Assigned task - Across all the records below, count the lines that hold "small". State only that figure.

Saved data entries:
(* Let $\mathcal{C}$ be a skeletally small triangulated category, $H$ a $\mathbb{Q}$-subspace of $G(\mathcal{C})_{\mathbb{Q}}$, and $\mathcal{I}(H)$ the set of dense subcategories $\mathcal{D}$ of $\mathcal{C}$ with $\operatorname{image}(G(\mathcal{D})_{\mathbb{Q}}\to G(\mathcal{C})_{\mathbb{Q}})=H$, ordered by inclusion. Then every maximal element of $\mathcal{I}(H)$ is a radical dense subcategory of $\mathcal{C}$.
   Context: $G(-)$ denotes the Grothendieck group of a triangulated category; $H_{\mathbb{Q}}=H\otimes_{\mathbb{Z}}\mathbb{Q}$. A dense subcategory is a triangulated subcategory $\mathcal{D}$ (full, closed under $[\pm1]$, isomorphisms and cones) such that for every $U\in\mathcal{C}$ there is $V$ with $U\oplus V\in\mathcal{D}$; it is radical if $U^n\in\mathcal{D}$ for some $n\ge1$ implies $U\in\mathcal{D}$. *)

theory Defs
  imports Complex_Main
begin

text \<open>Objects have type 'o, morphisms have type 'm (every element of 'm is a morphism).
Since objects form a type (hence a set), the category is (skeletally) small.\<close>

record ('o, 'm) tricat =
  tsrc  :: "'m \<Rightarrow> 'o"
  ttgt  :: "'m \<Rightarrow> 'o"
  tcomp :: "'m \<Rightarrow> 'm \<Rightarrow> 'm"   (* tcomp g f = g o f *)
  tid   :: "'o \<Rightarrow> 'm"
  tadd  :: "'m \<Rightarrow> 'm \<Rightarrow> 'm"
  tneg  :: "'m \<Rightarrow> 'm"
  tzero :: "'o \<Rightarrow> 'o \<Rightarrow> 'm"
  tsh   :: "'o \<Rightarrow> 'o"
  tshm  :: "'m \<Rightarrow> 'm"
  tdist :: "('m \<times> 'm \<times> 'm) set"

definition hom :: "('o, 'm) tricat \<Rightarrow> 'o \<Rightarrow> 'o \<Rightarrow> 'm set" where
  "hom C X Y = {f. tsrc C f = X \<and> ttgt C f = Y}"

definition is_iso :: "('o, 'm) tricat \<Rightarrow> 'm \<Rightarrow> bool" where
  "is_iso C f \<longleftrightarrow> (\<exists>g \<in> hom C (ttgt C f) (tsrc C f).
      tcomp C g f = tid C (tsrc C f) \<and> tcomp C f g = tid C (ttgt C f))"

definition isomorphic :: "('o, 'm) tricat \<Rightarrow> 'o \<Rightarrow> 'o \<Rightarrow> bool" where
  "isomorphic C X Y \<longleftrightarrow> (\<exists>f \<in> hom C X Y. is_iso C f)"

Answer area - 2